As a puppy, I got her this cat toy game from walmart and removed the bells (would be eaten in a second flat) and the catnip from the hidden velcro pouch (sometimes a treat goes there for tracking) and stuck the plastic attaching "pin" through the skin of the bird and she will play this game forEVER:
http://www.walmart.com/ip/Hartz-Angry-Birds-Wand-Cat-Toy-1ct-Cats/17246749#rr

So for Christmas she's getting this! because she's really outgrown the cat toy. Big girl version!
http://www.bestdogkennel.com/animal_lure_flirt_pole

There's instructions how to build your own here:
http://www.ehow.com/how_4895957_build-flirt-pole.html


----------



## finch

We have 3 tough chewers in this house (2 labs and a Vizsla mix), so West Paw Design toys are the only ones we resort to now (and a couple black kongs). We have all their indestructible Zogoflex toys but the Hurley seems to be the favorite for playing together: http://www.westpawdesign.com/catalo...riendly-dog-toys/eco-friendly-products/hurley The V loves the Huck ball (http://www.westpawdesign.com/catalog/dogs/dog-toys/eco-friendly-dog-toys/eco-friendly-products/huck) when we play fetch outside.

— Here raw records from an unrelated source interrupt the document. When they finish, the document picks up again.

lemma star_of_props:
  assumes "adequate U m" "b \<in> U"
  shows "idem m (star_of U m b) \<and> Lstar U m b (star_of U m b)"
  using plus_of_props[of U "\<lambda>x y. m y x" b, unfolded adequate_dual[of U m], OF assms]
  unfolding star_of_eq_plus_of_dual Lstar_eq_Rstar_dual idem_def .

lemma greenR_sym: "greenR S m f q \<Longrightarrow> greenR S m q f"
  unfolding greenR_def by blast

lemma greenR_idem_left_unit:
  assumes sg: "semigroup_on S m" and fq: "greenR S m f q" and q: "idem m q"
  shows "m q f = f"
proof (cases "f = q")
  case False
  then obtain v where v: "v \<in> S" "f = m q v" using fq unfolding greenR_def by blast
  have "q \<in> S" using fq unfolding greenR_def by blast
  then have "m q (m q v) = m (m q q) v" using sg v(1) unfolding semigroup_on_def by simp
  then show ?thesis using v(2) q unfolding idem_def by simp
qed (use q in \<open>simp add: idem_def\<close>)

lemma greenL_idem_right_unit:
  assumes "semigroup_on S m" "greenL S m e p" "idem m p"
  shows "m e p = e"
  using greenR_idem_left_unit[OF semigroup_on_dual[OF assms(1)], of e p] assms(2,3)
  unfolding greenL_eq_greenR_dual idem_def by simp

lemma greenL_sym: "greenL S m e p \<Longrightarrow> greenL S m p e"
  unfolding greenL_def by blast

locale adequate_transversal_semigroup =
  fixes S S0 :: "'a set" and m :: "'a \<Rightarrow> 'a \<Rightarrow> 'a"
  assumes semigroup: "semigroup_on S m"
    and transversal: "adequate_transversal S0 S m"
begin

lemma closed: "u \<in> S \<Longrightarrow> v \<in> S \<Longrightarrow> m u v \<in> S"
  using semigroup unfolding semigroup_on_def by blast

lemma assoc: "u \<in> S \<Longrightarrow> v \<in> S \<Longrightarrow> w \<in> S \<Longrightarrow> m (m u v) w = m u (m v w)"
  using semigroup unfolding semigroup_on_def by blast

lemma S0_adequate: "adequate S0 m"
  using transversal unfolding adequate_transversal_def by blast

lemma S0_star_subsemigroup: "star_subsemigroup S0 S m"
  using transversal unfolding adequate_transversal_def by blast

lemma S0_subset: "S0 \<subseteq> S"
  using S0_star_subsemigroup unfolding star_subsemigroup_def by blast

lemma plus_of_in_S0: "b \<in> S0 \<Longrightarrow> plus_of S0 m b \<in> S0"
  using plus_of_props[OF S0_adequate] unfolding Rstar_def by blast

lemma star_of_in_S0: "b \<in> S0 \<Longrightarrow> star_of S0 m b \<in> S0"
  using star_of_props[OF S0_adequate] unfolding Lstar_def by blast

lemma Rstar_plus_of: "b \<in> S0 \<Longrightarrow> Rstar S m b (plus_of S0 m b)"
  using plus_of_props[OF S0_adequate] plus_of_in_S0 S0_star_subsemigroup
  unfolding star_subsemigroup_def by blast

lemma Lstar_star_of: "b \<in> S0 \<Longrightarrow> Lstar S m b (star_of S0 m b)"
  using star_of_props[OF S0_adequate] star_of_in_S0 S0_star_subsemigroup
  unfolding star_subsemigroup_def by blast

lemma plus_of_left_unit: "b \<in> S0 \<Longrightarrow> m (plus_of S0 m b) b = b"
  using Rstar_idem_left_unit[of S0 m b] plus_of_props[OF S0_adequate, of b] by blast

lemma star_of_right_unit: "b \<in> S0 \<Longrightarrow> m b (star_of S0 m b) = b"
  using Lstar_idem_right_unit[of S0 m b] star_of_props[OF S0_adequate, of b] by blast

lemma tdecomp_absorb:
  assumes d: "tdecomp S S0 m x b e f"
  defines "p \<equiv> plus_of S0 m b" and "q \<equiv> star_of S0 m b"
  shows "m x q = m e b" and "m p x = m b f"
proof -
  have b: "b \<in> S0" and S: "e \<in> S" "f \<in> S" "b \<in> S" "p \<in> S" "q \<in> S"
    and idem: "idem m e" "idem m f" and x: "x = m (m e b) f"
    and ep: "greenL S m e p" and fq: "greenR S m f q"
    using d S0_subset plus_of_in_S0 star_of_in_S0 unfolding tdecomp_def p_def q_def by auto
  have "m x q = m (m e b) (m f q)" using x S by (simp add: closed assoc)
  also have "m f q = q" using greenR_idem_left_unit[OF semigroup greenR_sym[OF fq] idem(2)] .
  also have "m (m e b) q = m e (m b q)" using S by (simp add: assoc)
  also have "m b q = b" using star_of_right_unit[OF b] unfolding q_def .
  finally show "m x q = m e b" .
  have "m p x = m (m (m p e) b) f" using x S by (simp add: closed assoc)
  also have "m p e = p" using greenL_idem_right_unit[OF semigroup greenL_sym[OF ep] idem(1)] .
  also have "m p b = b" using plus_of_left_unit[OF b] unfolding p_def .
  finally show "m p x = m b f" .
qed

I do occasionally break down and buy ropes, but only when I find big ones at a discount store... they only last a couple days but they love them


----------



## tracker

Lui loves the chuckit http://www.chuckit.com/#/product/launchers

that along with his kong frisbee, nylabone(my favourite because it lasts forever), and the kong stuffed with peanut butter a dehydrated chicken breast. I usually stuff the kong with the chicken, then put hte peanut butter in after, it takes him way longer to get it all out becaus the peanut butter sticks all the treats to the kong.


----------